The first process can be killed with a `kill -9`, but the second is invincible.

Any suggestions for things to experiment with?  Previously, we've gotten new servers that required an extra parameter (or a lack of one we used to use) to make things magically work.  Testing is taking more work than usual, since every time we try a new thing, we have to wait a while, then reboot.

We only have to do this about every 5 years, when we get a new server, so we are not `dump` experts, except to know that, when it's working, it's very safe and effective.

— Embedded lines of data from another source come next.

lemma line_on_fermat_family_line:
  assumes "odd d"
  shows "line_on_fermat d (family_line d k e)"
proof -
  have d: "0 < d" using assms by (simp add: odd_pos)
  have roots: "unity_root d a ^ d = 1" "(- unity_root d a) ^ d = -1" for a
    using unity_root_pow[OF d] assms by (simp_all)
  have signs: "fermat_sign 1 = 1" "fermat_sign 2 = -1" "fermat_sign 3 = -1" "fermat_sign 4 = 1"
    by (simp_all add: fermat_sign_def)
  show ?thesis
    by (rule family_line_cases[of k d e]) (auto intro!: line_on_fermat_pair_line simp: roots signs)
qed

lemma family_line_Int_same:
  assumes "0 < d" "fst e mod int d \<noteq> fst e' mod int d" "snd e mod int d \<noteq> snd e' mod int d"
  shows "family_line d k e \<inter> family_line d k e' = {0}"
proof -
  have ne: "unity_root d (fst e) \<noteq> unity_root d (fst e')" "unity_root d (snd e) \<noteq> unity_root d (snd e')"
    using assms unity_root_eq_iff by blast+
  show ?thesis
    by (rule family_line_cases[of k d e]; rule family_line_cases[of k d e'])
      (use ne in \<open>simp_all add: pair_line_Int_pair_line\<close>)
qed

lemma family_line_Int_01:
  assumes "0 < d" "(snd e - fst e) mod int d \<noteq> (snd e' - fst e') mod int d"
  shows "family_line d 0 e \<inter> family_line d 1 e' = {0}"
proof -
  have "(fst e + snd e') mod int d \<noteq> (fst e' + snd e) mod int d"
    using assms(2) by (simp add: mod_eq_dvd_iff) (smt (verit) dvd_minus_iff)
  then have "unity_root d (fst e) * unity_root d (snd e') \<noteq> unity_root d (fst e') * unity_root d (snd e)"
    using unity_root_eq_iff[OF assms(1)] by (simp flip: unity_root_add)
  then show ?thesis unfolding family_line_def by (simp add: pair_line_Int_12_13)
qed

lemma family_line_Int_02:
  assumes "0 < d" "(fst e + snd e) mod int d \<noteq> (fst e' - snd e') mod int d"
  shows "family_line d 0 e \<inter> family_line d 2 e' = {0}"
proof -
  have "(fst e + snd e + snd e') mod int d \<noteq> fst e' mod int d"
    using assms(2) by (simp add: mod_eq_dvd_iff algebra_simps)
  then have "unity_root d (fst e) * unity_root d (snd e) * - unity_root d (snd e') \<noteq> - unity_root d (fst e')"
    using unity_root_eq_iff[OF assms(1)] by (simp flip: unity_root_add)
  then show ?thesis unfolding family_line_def by (simp add: pair_line_Int_12_14 numeral_2_eq_2)
qed

lemma family_line_Int_12:
  assumes "0 < d" "(fst e + snd e) mod int d \<noteq> (fst e' + snd e') mod int d"
  shows "family_line d 1 e \<inter> family_line d 2 e' = {0}"
proof -
  have "unity_root d (fst e) * unity_root d (snd e) \<noteq> - unity_root d (fst e') * - unity_root d (snd e')"
    using assms unity_root_eq_iff[OF assms(1)] by (simp flip: unity_root_add)
  then show ?thesis unfolding family_line_def by (simp add: pair_line_Int_13_14 numeral_2_eq_2)
qed

text \<open>A pair (a, b) in the family A, B or C stands for the line family_line d 0, 1 or 2
  (a, b); the three congruence conditions are the disjointness criteria
  family_line_Int_01, family_line_Int_02 and family_line_Int_12.\<close>

definition exponent_design :: "nat \<Rightarrow> (nat \<Rightarrow> int \<times> int) \<Rightarrow> (nat \<Rightarrow> int \<times> int) \<Rightarrow> (nat \<Rightarrow> int \<times> int) \<Rightarrow> bool" where
  "exponent_design d A B C \<longleftrightarrow>
     (\<forall>F\<in>{A, B, C}. inj_on (\<lambda>x. fst (F x) mod int d) {..<d} \<and> inj_on (\<lambda>x. snd (F x) mod int d) {..<d}) \<and>
     (\<forall>x<d. \<forall>y<d.
        (snd (A x) - fst (A x)) mod int d \<noteq> (snd (B y) - fst (B y)) mod int d \<and>
        (fst (A x) + snd (A x)) mod int d \<noteq> (fst (C y) - snd (C y)) mod int d \<and>
        (fst (B x) + snd (B x)) mod int d \<noteq> (fst (C y) + snd (C y)) mod int d)"
lemma insertion_sums_identity:
  "left_insertion_sum t x S - t ^ card S * right_insertion_sum t x S =
    (-1) ^ (card S - 1) * (1 - t) * offdiag_prod t x S"
proof -
  define c where "c = (t - 1) * (-1) ^ (card S - 1) * t ^ card S * (\<Prod>a\<in>S. x a) ^ 2"
  have "left_insertion_sum t x S = c * offdiag_prod t x S * (\<Sum>a\<in>S. 1 / node_prod (t * x a))"
    unfolding left_insertion_sum_def sum_distrib_left
    by (intro sum.cong) (simp_all add: left_insertion_term_eq c_def)
  moreover have "t ^ card S * right_insertion_sum t x S =
      - (c * offdiag_prod t x S * (\<Sum>a\<in>S. 1 / node_prod (x a)))"
    unfolding right_insertion_sum_def sum_distrib_left sum_negf[symmetric]
    by (intro sum.cong) (simp_all add: right_insertion_term_eq c_def)
  ultimately have "left_insertion_sum t x S - t ^ card S * right_insertion_sum t x S =
      c * offdiag_prod t x S * ((\<Sum>a\<in>S. 1 / node_prod (t * x a)) + (\<Sum>a\<in>S. 1 / node_prod (x a)))"
    by (simp add: algebra_simps)
  also have "(\<Sum>a\<in>S. 1 / node_prod (t * x a)) + (\<Sum>a\<in>S. 1 / node_prod (x a)) = - (1 / node_prod 0)"
    using node_reciprocals_sum by (simp add: eq_neg_iff_add_eq_0 add_ac)
  also have "c * offdiag_prod t x S * - (1 / node_prod 0) = (-1) ^ (card S - 1) * (1 - t) * offdiag_prod t x S"
    using finite_S x_nonzero t_nonzero by (simp add: c_def node_prod_0 prod_zero_iff field_simps)
  finally show ?thesis .
qed

end

section \<open>Removing the genericity assumption\<close>

definition rational_outside :: "'a::field set \<Rightarrow> ('a \<Rightarrow> 'a) \<Rightarrow> bool" where
  "rational_outside E f \<longleftrightarrow> (\<exists>p n. \<forall>z. z \<notin> E \<longrightarrow> f z = poly p z / (\<Prod>e\<in>E. z - e) ^ n)"

lemma rational_outside_const: "rational_outside E (\<lambda>z. c)"
  unfolding rational_outside_def by (rule exI[of _ "[:c:]"], rule exI[of _ 0]) simp

lemma rational_outside_ident: "rational_outside E (\<lambda>z. z)"
  unfolding rational_outside_def by (rule exI[of _ "[:0, 1:]"], rule exI[of _ 0]) simp

lemma rational_outside_add:
  assumes E: "finite E" and f: "rational_outside E f" and g: "rational_outside E g"
  shows "rational_outside E (\<lambda>z. f z + g z)"
proof -
  obtain p n where p: "\<And>z. z \<notin> E \<Longrightarrow> f z = poly p z / (\<Prod>e\<in>E. z - e) ^ n"
    using f unfolding rational_outside_def by blast
  obtain q m where q: "\<And>z. z \<notin> E \<Longrightarrow> g z = poly q z / (\<Prod>e\<in>E. z - e) ^ m"
    using g unfolding rational_outside_def by blast
  define W where "W = (\<Prod>e\<in>E. [:-e, 1:])"
  have "f z + g z = poly (p * W ^ m + q * W ^ n) z / (\<Prod>e\<in>E. z - e) ^ (n + m)" if "z \<notin> E" for z
    using E that unfolding p[OF that] q[OF that]
    by (simp add: W_def poly_prod power_add prod_zero_iff field_simps)
  then show ?thesis
    unfolding rational_outside_def by blast
qed

lemma rational_outside_mult:
  assumes f: "rational_outside E f" and g: "rational_outside E g"
  shows "rational_outside E (\<lambda>z. f z * g z)"
proof -
  obtain p n where p: "\<And>z. z \<notin> E \<Longrightarrow> f z = poly p z / (\<Prod>e\<in>E. z - e) ^ n"
    using f unfolding rational_outside_def by blast
  obtain q m where q: "\<And>z. z \<notin> E \<Longrightarrow> g z = poly q z / (\<Prod>e\<in>E. z - e) ^ m"
    using g unfolding rational_outside_def by blast
  have "f z * g z = poly (p * q) z / (\<Prod>e\<in>E. z - e) ^ (n + m)" if "z \<notin> E" for z
    unfolding p[OF that] q[OF that] by (simp add: power_add)
  then show ?thesis
    unfolding rational_outside_def by blast
qed
lemma nn_integral_exp_normal_density:
  assumes "\<sigma> > 0"
  shows "(\<integral>\<^sup>+x. ennreal (exp (a * x)) \<partial>density lborel (normal_density 0 \<sigma>)) =
         ennreal (exp (a\<^sup>2 * \<sigma>\<^sup>2 / 2))"
proof -
  have "(\<integral>\<^sup>+x. ennreal (exp (a * x)) \<partial>density lborel (normal_density 0 \<sigma>)) =
        (\<integral>\<^sup>+x. ennreal (exp (a\<^sup>2 * \<sigma>\<^sup>2 / 2)) * ennreal (normal_density (a * \<sigma>\<^sup>2) \<sigma> x) \<partial>lborel)"
    using normal_density_mult_exp[OF assms]
    by (subst nn_integral_density) (auto simp: ennreal_mult[symmetric])
  also have "\<dots> = ennreal (exp (a\<^sup>2 * \<sigma>\<^sup>2 / 2)) *
                   (\<integral>\<^sup>+x. ennreal (normal_density (a * \<sigma>\<^sup>2) \<sigma> x) \<partial>lborel)"
    by (subst nn_integral_cmult) auto
  also have "(\<integral>\<^sup>+x. ennreal (normal_density (a * \<sigma>\<^sup>2) \<sigma> x) \<partial>lborel) = 1"
    using assms
    by (subst nn_integral_eq_integral) auto
  finally show ?thesis by simp
qed

lemma prob_space_gauss_mat: "prob_space (gauss_mat m n)"
  unfolding gauss_mat_def by (intro prob_space_PiM prob_space_normal_density) auto

lemma borel_measurable_gauss_mat_linear_form:
  "(\<lambda>A. \<Sum>p\<in>{..<m}\<times>{..<n}. C p * A p) \<in> borel_measurable (gauss_mat m n)"
proof -
  have "(\<lambda>A. A p) \<in> borel_measurable (gauss_mat m n)" if "p \<in> {..<m} \<times> {..<n}" for p
  proof -
    have "(\<lambda>A. A p) \<in> measurable (gauss_mat m n) (density lborel (normal_density 0 (1 / sqrt m)))"
      unfolding gauss_mat_def using that by (rule measurable_component_singleton)
    then show ?thesis by (simp add: measurable_cong_sets[OF refl sets_density])
  qed
  then show ?thesis by (intro borel_measurable_sum borel_measurable_times) auto
qed

lemma nn_integral_exp_gauss_mat_linear_form:
  assumes "m > 0"
  shows "(\<integral>\<^sup>+A. ennreal (exp (\<Sum>p\<in>{..<m}\<times>{..<n}. C p * A p)) \<partial>gauss_mat m n) =
         ennreal (exp ((\<Sum>p\<in>{..<m}\<times>{..<n}. (C p)\<^sup>2) / (2 * real m)))"
proof -
  define I where "I = {..<m} \<times> {..<n}"
  define \<sigma> where "\<sigma> = 1 / sqrt (real m)"
  define N where "N = density lborel (normal_density 0 \<sigma>)"
  have \<sigma>: "\<sigma> > 0" "\<sigma>\<^sup>2 = 1 / real m" using assms by (auto simp: \<sigma>_def power_divide)
  interpret N: prob_space N unfolding N_def by (rule prob_space_normal_density[OF \<sigma>(1)])
  interpret product_sigma_finite "\<lambda>_. N" by standard
  have "(\<integral>\<^sup>+A. ennreal (exp (\<Sum>p\<in>I. C p * A p)) \<partial>gauss_mat m n) =
        (\<integral>\<^sup>+A. (\<Prod>p\<in>I. ennreal (exp (C p * A p))) \<partial>PiM I (\<lambda>_. N))"
    by (simp add: gauss_mat_def I_def N_def \<sigma>_def exp_sum prod_ennreal)
  also have "\<dots> = (\<Prod>p\<in>I. \<integral>\<^sup>+x. ennreal (exp (C p * x)) \<partial>N)"
    by (rule product_nn_integral_prod) (auto simp: I_def N_def)
  also have "\<dots> = (\<Prod>p\<in>I. ennreal (exp ((C p)\<^sup>2 * \<sigma>\<^sup>2 / 2)))"
    unfolding N_def by (simp only: nn_integral_exp_normal_density[OF \<sigma>(1)])
  also have "\<dots> = ennreal (exp (\<Sum>p\<in>I. (C p)\<^sup>2 * \<sigma>\<^sup>2 / 2))"
    by (simp add: prod_ennreal exp_sum I_def)
  also have "(\<Sum>p\<in>I. (C p)\<^sup>2 * \<sigma>\<^sup>2 / 2) = (\<Sum>p\<in>I. (C p)\<^sup>2) / (2 * real m)"
    by (simp add: \<sigma>(2) sum_divide_distrib mult.commute)
  finally show ?thesis unfolding I_def .
qed

lemma gauss_mat_linear_form_tail:
  assumes m: "m > 0" and C: "(\<Sum>p\<in>{..<m}\<times>{..<n}. (C p)\<^sup>2) \<le> 1" and t: "t > 0"
  shows "measure (gauss_mat m n) {A \<in> space (gauss_mat m n). t \<le> (\<Sum>p\<in>{..<m}\<times>{..<n}. C p * A p)}
         \<le> exp (- real m * t\<^sup>2 / 2)"
proof -
  define M where "M = gauss_mat m n"
  define S where "S A = (\<Sum>p\<in>{..<m}\<times>{..<n}. C p * A p)" for A :: "nat \<times> nat \<Rightarrow> real"
  define s where "s = real m * t"
  interpret prob_space M unfolding M_def by (rule prob_space_gauss_mat)
  have [measurable]: "S \<in> borel_measurable M"
    unfolding S_def M_def by (rule borel_measurable_gauss_mat_linear_form)
  have "emeasure M {A \<in> space M. t \<le> S A} \<le>
        ennreal (exp (- s * t)) * (\<integral>\<^sup>+A. ennreal (exp (s * S A)) * indicator (space M) A \<partial>M)"
    using m t by (intro Chernoff_ineq_nn_integral_ge) (auto simp: s_def)
  also have "(\<integral>\<^sup>+A. ennreal (exp (s * S A)) * indicator (space M) A \<partial>M) =
             (\<integral>\<^sup>+A. ennreal (exp (\<Sum>p\<in>{..<m}\<times>{..<n}. (s * C p) * A p)) \<partial>M)"
    by (intro nn_integral_cong) (simp add: S_def sum_distrib_left mult.assoc)
  also have "\<dots> = ennreal (exp ((\<Sum>p\<in>{..<m}\<times>{..<n}. (s * C p)\<^sup>2) / (2 * real m)))"
    unfolding M_def by (rule nn_integral_exp_gauss_mat_linear_form[OF m])
  also have "ennreal (exp (- s * t)) * \<dots> \<le> ennreal (exp (- real m * t\<^sup>2 / 2))"
  proof -
    have "(\<Sum>p\<in>{..<m}\<times>{..<n}. (s * C p)\<^sup>2) \<le> s\<^sup>2"
      using mult_left_mono[OF C, of "s\<^sup>2"] by (simp add: power_mult_distrib sum_distrib_left)
    then have "- s * t + (\<Sum>p\<in>{..<m}\<times>{..<n}. (s * C p)\<^sup>2) / (2 * real m) \<le>
               - s * t + s\<^sup>2 / (2 * real m)"
      using m by (intro add_left_mono divide_right_mono) auto
    also have "\<dots> = - real m * t\<^sup>2 / 2"
      using m by (simp add: s_def field_simps power2_eq_square)
    finally show ?thesis by (simp add: ennreal_mult[symmetric] exp_add[symmetric])
  qed
  finally have "ennreal (measure M {A \<in> space M. t \<le> S A}) \<le> ennreal (exp (- real m * t\<^sup>2 / 2))"
    by (simp add: emeasure_eq_measure)
  then show ?thesis by (simp add: M_def S_def)
qed
(* Let $X$ and $Y$ be Dedekind complete Riesz spaces and $f:X\to Y$ an order continuous increasing map. Then: (i) $f$ extends to a unique left order continuous increasing map $f^{s}:X^{s}\to Y^{s}$; if $f$ is additive (resp. positively homogeneous), so is $f^{s}$. (ii) If $f$ is only defined from $X_{+}$ to $Y_{+}$ (and is order continuous and increasing there), then $f$ has a unique left order continuous increasing extension $f^{s}:X^{s}_{+}\to Y^{s}_{+}$; if $f$ is additive (resp. positively homogeneous), so is $f^{s}$. (iii) If moreover $Y=X$, $f$ is a linear projection and $f(X)$ is a Riesz subspace of $X$, then $f(X)$ is a regular Riesz subspace of $X$ and $f^{s}(X^{s})=f(X)^{s}$. (iv) If moreover $Y=X$, $f$ is linear, and $Z$ is a regular Riesz subspace of $X$ invariant under $f$, then $Z^{s}$ is invariant under $f^{s}$.
   Context: For a Dedekind complete Riesz space $X$, its sup-completion $X^{s}$ is the set of classes of nonempty upward directed subsets of $X$ under $A\sim B$ iff $\sup_{a\in A}(x\wedge a)=\sup_{b\in B}(x\wedge b)$ for all $x\in X$, with the induced addition, nonnegative scalar multiplication and order; $X\subseteq X^s$ via $x\mapsto[\{x\}]$; every nonempty subset of $X^{s}$ has a supremum and every element is the supremum of the elements of $X$ below it. A map $g$ is left order continuous if $x_\alpha\uparrow x$ implies $g(x_\alpha)\uparrow g(x)$. A Riesz subspace $Z$ of $X$ is regular if suprema of subsets of $Z$ computed in $Z$ agree with those computed in $X$; for such $Z$, $Z^{s}$ is identified with $\{\sup A:\emptyset\ne A\subseteq Z\}\subseteq X^{s}$. *)

theory Defs
  imports Complex_Main
begin

class dc_riesz_space = ordered_real_vector + conditionally_complete_lattice
(* Let $|q|<1$ and let $(\alpha_n,\beta_n)$ be a Bailey pair with respect to $a$. Assume $|qa|<|z|$, no denominator vanishes, and all series converge absolutely. Then $$\sum_{n=1}^{\infty} (z;q)_{n}(q;q)_{n-1}\left( \frac{q a}{ z }\right )^{n} \beta_n - \sum_{n=1}^{\infty}\frac{(z;q)_{n}(q;q)_{n-1}}{(q a ,q a/z;q)_n}\left (\frac{q a}{z}\right)^{n}\alpha_n=f_1(a,z,q),$$ where $f_1(a,z,q)$ is given by each of the following (equal) expressions: $$f_1(a,z,q)=-\sum_{n=1}^{\infty} \frac{(q\sqrt{a},-q\sqrt{a},a,z;q)_{n}\,q^{n(n+1)/2}}{(\sqrt{a},-\sqrt{a},q a,qa/z;q)_{n}(1-q^n)}\left( \frac{- a}{ z }\right )^{n} =\sum_{n=1}^{\infty} \frac{(z;q)_{n}}{(q a;q)_{n}(1-q^n)}\left( \frac{q a}{ z }\right )^{n} =\sum_{n=1}^{\infty}\frac{a q^n/z}{1-a q^n/z}-\sum_{n=1}^{\infty}\frac{a q^n}{1-aq^n}.$$
   Context: Notation: $(x;q)_n=(1-x)(1-xq)\cdots(1-xq^{n-1})$, $(x;q)_0=1$, $(x_1,\dots,x_m;q)_n=(x_1;q)_n\cdots(x_m;q)_n$. A Bailey pair with respect to $a$ (base $q$) is a pair of sequences $(\alpha_n,\beta_n)_{n\ge0}$ with $\alpha_0=\beta_0=1$ and, for $n>0$, $\beta_n=\sum_{j=0}^{n}\frac{\alpha_j}{(q;q)_{n-j}(aq;q)_{n+j}}$. *)

theory Defs
  imports "HOL-Analysis.Analysis"
begin

definition qpoch :: "complex \<Rightarrow> complex \<Rightarrow> nat \<Rightarrow> complex" where
  "qpoch x q n = (\<Prod>k<n. 1 - x * q ^ k)"

definition bailey_pair ::
  "complex \<Rightarrow> complex \<Rightarrow> (nat \<Rightarrow> complex) \<Rightarrow> (nat \<Rightarrow> complex) \<Rightarrow> bool" where
  "bailey_pair a q \<alpha> \<beta> \<longleftrightarrow> \<alpha> 0 = 1 \<and> \<beta> 0 = 1 \<and>
     (\<forall>n>0. \<beta> n = (\<Sum>j\<le>n. \<alpha> j / (qpoch q q (n - j) * qpoch (a * q) q (n + j))))"

end

theory Submission
  imports Defs "HOL-Complex_Analysis.Complex_Analysis"
begin

text \<open>Inserting the Bailey-pair relation for \<open>\<beta>\<^sub>n\<close> into the \<open>\<beta>\<close>-series and exchanging the order
  of summation (legitimate by absolute convergence) reduces the first identity to the summation
  \<open>\<Sum>\<^sub>n bailey_kernel a q z j n = bailey_coeff a q z j\<close> for \<open>j \<ge> 1\<close>, which follows by induction on
  \<open>j\<close> from a WZ-style telescoping; the row \<open>j = 0\<close> produces the \<open>(z;q)\<close>-series
  \<open>\<Sum> (z;q)\<^sub>n/((qa;q)\<^sub>n(1 - q\<^sup>n)) (qa/z)\<^sup>n\<close>. For the unit Bailey pair the \<open>\<beta>\<close>-series vanishes,
  which identifies the \<open>(z;q)\<close>-series with the very-well-poised series. Finally, as functions of
  \<open>u = a/z\<close>, the \<open>(z;q)\<close>-series and the difference of Lambert series are holomorphic in
  \<open>\<bar>u\<bar> < 1/\<bar>q\<bar>\<close> and agree at the points \<open>u = a q\<^sup>m\<close>, where the former terminates; by the
  identity theorem they agree everywhere.\<close>

section \<open>q-Pochhammer symbols\<close>

lemma qpoch_0 [simp]: "qpoch x q 0 = 1"
  by (simp add: qpoch_def)

lemma qpoch_Suc: "qpoch x q (Suc n) = qpoch x q n * (1 - x * q ^ n)"
  by (simp add: qpoch_def)

lemma qpoch_Suc_left: "qpoch x q (Suc n) = (1 - x) * qpoch (x * q) q n"
  by (induction n) (simp_all add: qpoch_Suc mult_ac)

lemma qpoch_add: "qpoch x q (m + n) = qpoch x q m * qpoch (x * q ^ m) q n"
  by (induction n) (simp_all add: qpoch_Suc power_add mult_ac)

lemma one_minus_power_neq_0:
  fixes q :: "'a :: real_normed_div_algebra"
  assumes "norm q < 1" "n \<noteq> 0"
  shows "1 - q ^ n \<noteq> 0"
proof -
  have "norm (q ^ n) < 1"
    using assms by (simp add: norm_power power_less_one_iff)
  then show ?thesis
    by auto
qed

lemma qpoch_q_neq_0:
  assumes "norm q < 1"
  shows "qpoch q q n \<noteq> 0"
proof -
  have "1 - q * q ^ k \<noteq> 0" for k
    using one_minus_power_neq_0[OF assms, of "Suc k"] by simp
  then show ?thesis by (simp add: qpoch_def)
qed

lemma norm_one_minus_power_ge:
  fixes q :: "'a :: real_normed_div_algebra"
  assumes "norm q < 1"
  shows "1 - norm q \<le> norm (1 - q ^ Suc n)"
proof -
  have "norm q ^ Suc n \<le> norm q"
    using assms by (simp add: power_le_one mult_left_le)
  moreover have "1 - norm q ^ Suc n \<le> norm (1 - q ^ Suc n)"
    using norm_triangle_ineq2[of 1 "q ^ Suc n"] by (simp add: norm_mult norm_power)
  ultimately show ?thesis by linarith
qed

lemma sum_power_le_inverse:
  fixes r :: real
  assumes "0 \<le> r" "r < 1"
  shows "(\<Sum>k<m. r ^ k) \<le> 1 / (1 - r)"
proof -
  have "(\<Sum>k<m. r ^ k) = (1 - r ^ m) / (1 - r)"
    using assms by (simp add: sum_gp_strict)
  also have "\<dots> \<le> 1 / (1 - r)"
    using assms by (intro divide_right_mono) auto
  finally show ?thesis .
qed

lemma prod_one_plus_geometric_le_exp:
  fixes t r :: real
  assumes "0 \<le> t" "0 \<le> r" "r < 1"
  shows "(\<Prod>k<n. 1 + t * r ^ k) \<le> exp (t / (1 - r))"
proof -
  have "(\<Prod>k<n. 1 + t * r ^ k) \<le> (\<Prod>k<n. exp (t * r ^ k))"
    by (intro prod_mono) (use assms in \<open>auto simp: add.commute exp_ge_add_one_self\<close>)
  also have "\<dots> = exp (t * (\<Sum>k<n. r ^ k))"
    by (simp add: exp_sum sum_distrib_left)
  also have "\<dots> \<le> exp (t / (1 - r))"
    using mult_left_mono[OF sum_power_le_inverse[OF assms(2,3)] assms(1)] by simp
  finally show ?thesis .
qed

lemma norm_qpoch_le:
  assumes "norm q < 1" "norm x \<le> t"
  shows "norm (qpoch x q n) \<le> exp (t / (1 - norm q))"
proof -
  have "norm (qpoch x q n) = (\<Prod>k<n. norm (1 - x * q ^ k))"
    by (simp add: qpoch_def prod_norm)
  also have "\<dots> \<le> (\<Prod>k<n. 1 + t * norm q ^ k)"
  proof (intro prod_mono conjI)
    fix k
    have "norm (1 - x * q ^ k) \<le> 1 + norm x * norm q ^ k"
      by (metis norm_mult norm_one norm_power norm_triangle_ineq4)
    also have "\<dots> \<le> 1 + t * norm q ^ k"
      using assms(2) by (simp add: mult_right_mono)
    finally show "norm (1 - x * q ^ k) \<le> 1 + t * norm q ^ k" .
  qed auto
  also have "\<dots> \<le> exp (t / (1 - norm q))"
    using assms order_trans[OF norm_ge_zero assms(2)] by (intro prod_one_plus_geometric_le_exp) auto
  finally show ?thesis .
qed

lemma exp_neg_two_le_one_minus:
  fixes t :: real
  assumes "0 \<le> t" "t \<le> 1/2"
  shows "exp (-2 * t) \<le> 1 - t"
proof -
  have "-2 * t \<le> -t - 2 * t^2"
    using assms mult_right_mono[of "2*t" 1 t] by (simp add: power2_eq_square)
  also have "\<dots> \<le> ln (1 - t)"
    using ln_one_minus_pos_lower_bound assms by auto
  finally have "exp (-2 * t) \<le> exp (ln (1 - t))"
    by simp
  then show ?thesis
    using assms by simp
qed

lemma norm_qpoch_ge:
  assumes q: "norm q < 1" and small: "norm x \<le> 1/2"
  shows "exp (-2 * norm x / (1 - norm q)) \<le> norm (qpoch x q n)"
proof -
  have "exp (-2 * norm x / (1 - norm q)) \<le> exp (-2 * (norm x * (\<Sum>k<n. norm q ^ k)))"
    using mult_left_mono[OF sum_power_le_inverse[of "norm q" n] norm_ge_zero[of x]] q by simp
  also have "\<dots> = (\<Prod>k<n. exp (-2 * (norm x * norm q ^ k)))"
    by (simp add: exp_sum[symmetric] sum_distrib_left)
  also have "\<dots> \<le> (\<Prod>k<n. norm (1 - x * q ^ k))"
  proof (intro prod_mono conjI)
    fix k
    have "norm x * norm q ^ k \<le> 1/2"
      using mult_left_mono[OF power_le_one[of "norm q" k], of "norm x"] small q by simp
    hence "exp (-2 * (norm x * norm q ^ k)) \<le> 1 - norm x * norm q ^ k"
      by (intro exp_neg_two_le_one_minus) auto
    also have "\<dots> \<le> norm (1 - x * q ^ k)"
      by (metis norm_mult norm_one norm_power norm_triangle_ineq2)
    finally show "exp (-2 * (norm x * norm q ^ k)) \<le> norm (1 - x * q ^ k)" .
  qed auto
  also have "\<dots> = norm (qpoch x q n)"
    by (simp add: qpoch_def prod_norm)
  finally show ?thesis .
qed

Any help and/or wild speculation would be appreciated.  Thanks!


----------



## noodlefling (Mar 5, 2015)

Oh, and I should say that the system is running 10.1-RELEASE-p6 and is using ufs, not zfs.


----------



## Terry_Kennedy (Mar 8, 2015)

noodlefling said:


> The problem with testing is that each time we try something, the drive will do alternately short high- and low-pitched whines, then sometimes a very long one.  It sounds a bit like the tape is winding forwards and backwards, looking for something it can't find.  Eventually it hits the end of the tape, rewinds to the beginning, and tries again.  I have no evidence of this, it's just what it sounds like.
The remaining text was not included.